Collected data entries
=====

lemma indep_var_of_char_factorization:
  fixes X R :: "'a \<Rightarrow> real"
  assumes "prob_space M" and [measurable]: "X \<in> borel_measurable M" "R \<in> borel_measurable M"
    and factorization: "\<And>s t. (CLINT \<omega>|M. iexp (s * X \<omega> + t * R \<omega>))
      = (CLINT \<omega>|M. iexp (s * X \<omega>)) * (CLINT \<omega>|M. iexp (t * R \<omega>))"
  shows "prob_space.indep_var M borel X borel R"
proof -
  interpret prob_space M by fact
  have rectangle: "measure M ((\<lambda>\<omega>. (X \<omega>, R \<omega>)) -` (A \<times> B) \<inter> space M)
      = measure M (X -` A \<inter> space M) * measure M (R -` B \<inter> space M)"
    if [measurable]: "A \<in> sets borel" "B \<in> sets borel" for A B
  proof -
    have "(\<integral>\<omega>. indicator A (X \<omega>) * indicator B (R \<omega>) \<partial>M)
        = (\<integral>\<omega>. indicator A (X \<omega>) \<partial>M) * (\<integral>\<omega>. indicator B (R \<omega>) \<partial>M :: real)"
      by (rule indicator_uncorrelated_of_iexp_uncorrelated[OF assms(1) _ _ _
            iexp_indicator_uncorrelated_of_char_factorization[OF assms(1-3) factorization]])
        (auto simp: indicator_def)
    moreover have "(\<integral>\<omega>. indicator A (X \<omega>) * indicator B (R \<omega>) \<partial>M)
        = (\<integral>\<omega>. indicator ((\<lambda>\<omega>. (X \<omega>, R \<omega>)) -` (A \<times> B) \<inter> space M) \<omega> \<partial>M :: real)"
      "(\<integral>\<omega>. indicator A (X \<omega>) \<partial>M) = (\<integral>\<omega>. indicator (X -` A \<inter> space M) \<omega> \<partial>M :: real)"
      "(\<integral>\<omega>. indicator B (R \<omega>) \<partial>M) = (\<integral>\<omega>. indicator (R -` B \<inter> space M) \<omega> \<partial>M :: real)"
      by (auto intro!: Bochner_Integration.integral_cong simp: indicator_def)
    ultimately show ?thesis
      by (simp add: Int_assoc)
  qed
  have "distr M borel X \<Otimes>\<^sub>M distr M borel R = distr M (borel \<Otimes>\<^sub>M borel) (\<lambda>\<omega>. (X \<omega>, R \<omega>))"
  proof (rule pair_measure_eqI)
    show "sigma_finite_measure (distr M borel X)" "sigma_finite_measure (distr M borel R)"
      by (auto intro!: prob_space_imp_sigma_finite prob_space_distr)
    fix A B assume "A \<in> sets (distr M borel X)" "B \<in> sets (distr M borel R)"
    then have [measurable]: "A \<in> sets borel" "B \<in> sets borel"
      by auto
    show "emeasure (distr M borel X) A * emeasure (distr M borel R) B
        = emeasure (distr M (borel \<Otimes>\<^sub>M borel) (\<lambda>\<omega>. (X \<omega>, R \<omega>))) (A \<times> B)"
      by (simp add: emeasure_distr emeasure_eq_measure rectangle ennreal_mult)
  qed simp
  then show ?thesis
    by (subst indep_var_distribution_eq) simp
qed

lemma indep_var_of_bivariate_normal_uncorrelated:
  assumes "prob_space M" and "bivariate_normal M X R" and "covariance M X R = 0"
  shows "prob_space.indep_var M borel X borel R"
proof -
  interpret prob_space M by fact
  have X: "gaussian_rv M X" and R: "gaussian_rv M R"
    using bivariate_normal_gaussian_rv[OF assms(1,2), of 1 0 0] bivariate_normal_gaussian_rv[OF assms(1,2), of 0 1 0]
    by simp_all
  then have [measurable]: "X \<in> borel_measurable M" "R \<in> borel_measurable M"
    by (simp_all add: gaussian_rv_def)
  note integrable = gaussian_rv_integrable[OF assms(1) X] gaussian_rv_integrable[OF assms(1) R]
  show ?thesis
  proof (rule indep_var_of_char_factorization[OF assms(1)])
    fix s t :: real
    let ?Z = "\<lambda>\<omega>. s * X \<omega> + t * R \<omega> + 0"
    have "(\<integral>\<omega>. ?Z \<omega> \<partial>M) = s * (\<integral>\<omega>. X \<omega> \<partial>M) + t * (\<integral>\<omega>. R \<omega> \<partial>M)"
      using integrable by (simp add: prob_space)
    moreover have "covariance M ?Z ?Z = s\<^sup>2 * covariance M X X + t\<^sup>2 * covariance M R R"
      using covariance_affine_combination[OF assms(1) integrable(1,3,2,4),
          where a = s and b = t and c = 0 and a' = s and b' = t and c' = 0] assms(3)
      by (simp add: power2_eq_square)
    ultimately have "(CLINT \<omega>|M. iexp (s * X \<omega> + t * R \<omega>))
        = iexp (s * (\<integral>\<omega>. X \<omega> \<partial>M) + t * (\<integral>\<omega>. R \<omega> \<partial>M))
          * complex_of_real (exp (- (s\<^sup>2 * covariance M X X) / 2 + - (t\<^sup>2 * covariance M R R) / 2))"
      using gaussian_rv_char[OF assms(1) bivariate_normal_gaussian_rv[OF assms(1,2)], of 1 s t 0]
      by (simp add: add_divide_distrib)
    also have "\<dots> = (iexp (s * (\<integral>\<omega>. X \<omega> \<partial>M)) * complex_of_real (exp (- (s\<^sup>2 * covariance M X X) / 2)))
        * (iexp (t * (\<integral>\<omega>. R \<omega> \<partial>M)) * complex_of_real (exp (- (t\<^sup>2 * covariance M R R) / 2)))"
      by (simp only: of_real_add distrib_left exp_add of_real_mult) (simp add: mult_ac)
    finally show "(CLINT \<omega>|M. iexp (s * X \<omega> + t * R \<omega>))
        = (CLINT \<omega>|M. iexp (s * X \<omega>)) * (CLINT \<omega>|M. iexp (t * R \<omega>))"
      by (simp only: gaussian_rv_char[OF assms(1) X] gaussian_rv_char[OF assms(1) R])
  qed measurable
qed

section \<open>Couplings and the earth mover's covariance\<close>

lemma measurable_fst_borel [measurable]:
  "fst \<in> borel_measurable (borel :: ('a::second_countable_topology \<times> 'b::second_countable_topology) measure)"
  by (metis borel_prod measurable_fst)

lemma measurable_snd_borel [measurable]:
  "snd \<in> borel_measurable (borel :: ('a::second_countable_topology \<times> 'b::second_countable_topology) measure)"
  by (metis borel_prod measurable_snd)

=====

• WHAT THE TASK REQUIRES
Retype each of the preceding records exactly as printed.

• SOLVED EXERCISE
lemma indep_var_of_char_factorization:
  fixes X R :: "'a \<Rightarrow> real"
  assumes "prob_space M" and [measurable]: "X \<in> borel_measurable M" "R \<in> borel_measurable M"
    and factorization: "\<And>s t. (CLINT \<omega>|M. iexp (s * X \<omega> + t * R \<omega>))
      = (CLINT \<omega>|M. iexp (s * X \<omega>)) * (CLINT \<omega>|M. iexp (t * R \<omega>))"
  shows "prob_space.indep_var M borel X borel R"
proof -
  interpret prob_space M by fact
  have rectangle: "measure M ((\<lambda>\<omega>. (X \<omega>, R \<omega>)) -` (A \<times> B) \<inter> space M)
      = measure M (X -` A \<inter> space M) * measure M (R -` B \<inter> space M)"
    if [measurable]: "A \<in> sets borel" "B \<in> sets borel" for A B
  proof -
    have "(\<integral>\<omega>. indicator A (X \<omega>) * indicator B (R \<omega>) \<partial>M)
        = (\<integral>\<omega>. indicator A (X \<omega>) \<partial>M) * (\<integral>\<omega>. indicator B (R \<omega>) \<partial>M :: real)"
      by (rule indicator_uncorrelated_of_iexp_uncorrelated[OF assms(1) _ _ _
            iexp_indicator_uncorrelated_of_char_factorization[OF assms(1-3) factorization]])
        (auto simp: indicator_def)
    moreover have "(\<integral>\<omega>. indicator A (X \<omega>) * indicator B (R \<omega>) \<partial>M)
        = (\<integral>\<omega>. indicator ((\<lambda>\<omega>. (X \<omega>, R \<omega>)) -` (A \<times> B) \<inter> space M) \<omega> \<partial>M :: real)"
      "(\<integral>\<omega>. indicator A (X \<omega>) \<partial>M) = (\<integral>\<omega>. indicator (X -` A \<inter> space M) \<omega> \<partial>M :: real)"
      "(\<integral>\<omega>. indicator B (R \<omega>) \<partial>M) = (\<integral>\<omega>. indicator (R -` B \<inter> space M) \<omega> \<partial>M :: real)"
      by (auto intro!: Bochner_Integration.integral_cong simp: indicator_def)
    ultimately show ?thesis
      by (simp add: Int_assoc)
  qed
  have "distr M borel X \<Otimes>\<^sub>M distr M borel R = distr M (borel \<Otimes>\<^sub>M borel) (\<lambda>\<omega>. (X \<omega>, R \<omega>))"
  proof (rule pair_measure_eqI)
    show "sigma_finite_measure (distr M borel X)" "sigma_finite_measure (distr M borel R)"
      by (auto intro!: prob_space_imp_sigma_finite prob_space_distr)
    fix A B assume "A \<in> sets (distr M borel X)" "B \<in> sets (distr M borel R)"
    then have [measurable]: "A \<in> sets borel" "B \<in> sets borel"
      by auto
    show "emeasure (distr M borel X) A * emeasure (distr M borel R) B
        = emeasure (distr M (borel \<Otimes>\<^sub>M borel) (\<lambda>\<omega>. (X \<omega>, R \<omega>))) (A \<times> B)"
      by (simp add: emeasure_distr emeasure_eq_measure rectangle ennreal_mult)
  qed simp
  then show ?thesis
    by (subst indep_var_distribution_eq) simp
qed

lemma indep_var_of_bivariate_normal_uncorrelated:
  assumes "prob_space M" and "bivariate_normal M X R" and "covariance M X R = 0"
  shows "prob_space.indep_var M borel X borel R"
proof -
  interpret prob_space M by fact
  have X: "gaussian_rv M X" and R: "gaussian_rv M R"
    using bivariate_normal_gaussian_rv[OF assms(1,2), of 1 0 0] bivariate_normal_gaussian_rv[OF assms(1,2), of 0 1 0]
    by simp_all
  then have [measurable]: "X \<in> borel_measurable M" "R \<in> borel_measurable M"
    by (simp_all add: gaussian_rv_def)
  note integrable = gaussian_rv_integrable[OF assms(1) X] gaussian_rv_integrable[OF assms(1) R]
  show ?thesis
  proof (rule indep_var_of_char_factorization[OF assms(1)])
    fix s t :: real
    let ?Z = "\<lambda>\<omega>. s * X \<omega> + t * R \<omega> + 0"
    have "(\<integral>\<omega>. ?Z \<omega> \<partial>M) = s * (\<integral>\<omega>. X \<omega> \<partial>M) + t * (\<integral>\<omega>. R \<omega> \<partial>M)"
      using integrable by (simp add: prob_space)
    moreover have "covariance M ?Z ?Z = s\<^sup>2 * covariance M X X + t\<^sup>2 * covariance M R R"
      using covariance_affine_combination[OF assms(1) integrable(1,3,2,4),
          where a = s and b = t and c = 0 and a' = s and b' = t and c' = 0] assms(3)
      by (simp add: power2_eq_square)
    ultimately have "(CLINT \<omega>|M. iexp (s * X \<omega> + t * R \<omega>))
        = iexp (s * (\<integral>\<omega>. X \<omega> \<partial>M) + t * (\<integral>\<omega>. R \<omega> \<partial>M))
          * complex_of_real (exp (- (s\<^sup>2 * covariance M X X) / 2 + - (t\<^sup>2 * covariance M R R) / 2))"
      using gaussian_rv_char[OF assms(1) bivariate_normal_gaussian_rv[OF assms(1,2)], of 1 s t 0]
      by (simp add: add_divide_distrib)
    also have "\<dots> = (iexp (s * (\<integral>\<omega>. X \<omega> \<partial>M)) * complex_of_real (exp (- (s\<^sup>2 * covariance M X X) / 2)))
        * (iexp (t * (\<integral>\<omega>. R \<omega> \<partial>M)) * complex_of_real (exp (- (t\<^sup>2 * covariance M R R) / 2)))"
      by (simp only: of_real_add distrib_left exp_add of_real_mult) (simp add: mult_ac)
    finally show "(CLINT \<omega>|M. iexp (s * X \<omega> + t * R \<omega>))
        = (CLINT \<omega>|M. iexp (s * X \<omega>)) * (CLINT \<omega>|M. iexp (t * R \<omega>))"
      by (simp only: gaussian_rv_char[OF assms(1) X] gaussian_rv_char[OF assms(1) R])
  qed measurable
qed

section \<open>Couplings and the earth mover's covariance\<close>

lemma measurable_fst_borel [measurable]:
  "fst \<in> borel_measurable (borel :: ('a::second_countable_topology \<times> 'b::second_countable_topology) measure)"
  by (metis borel_prod measurable_fst)

lemma measurable_snd_borel [measurable]:
  "snd \<in> borel_measurable (borel :: ('a::second_countable_topology \<times> 'b::second_countable_topology) measure)"
  by (metis borel_prod measurable_snd)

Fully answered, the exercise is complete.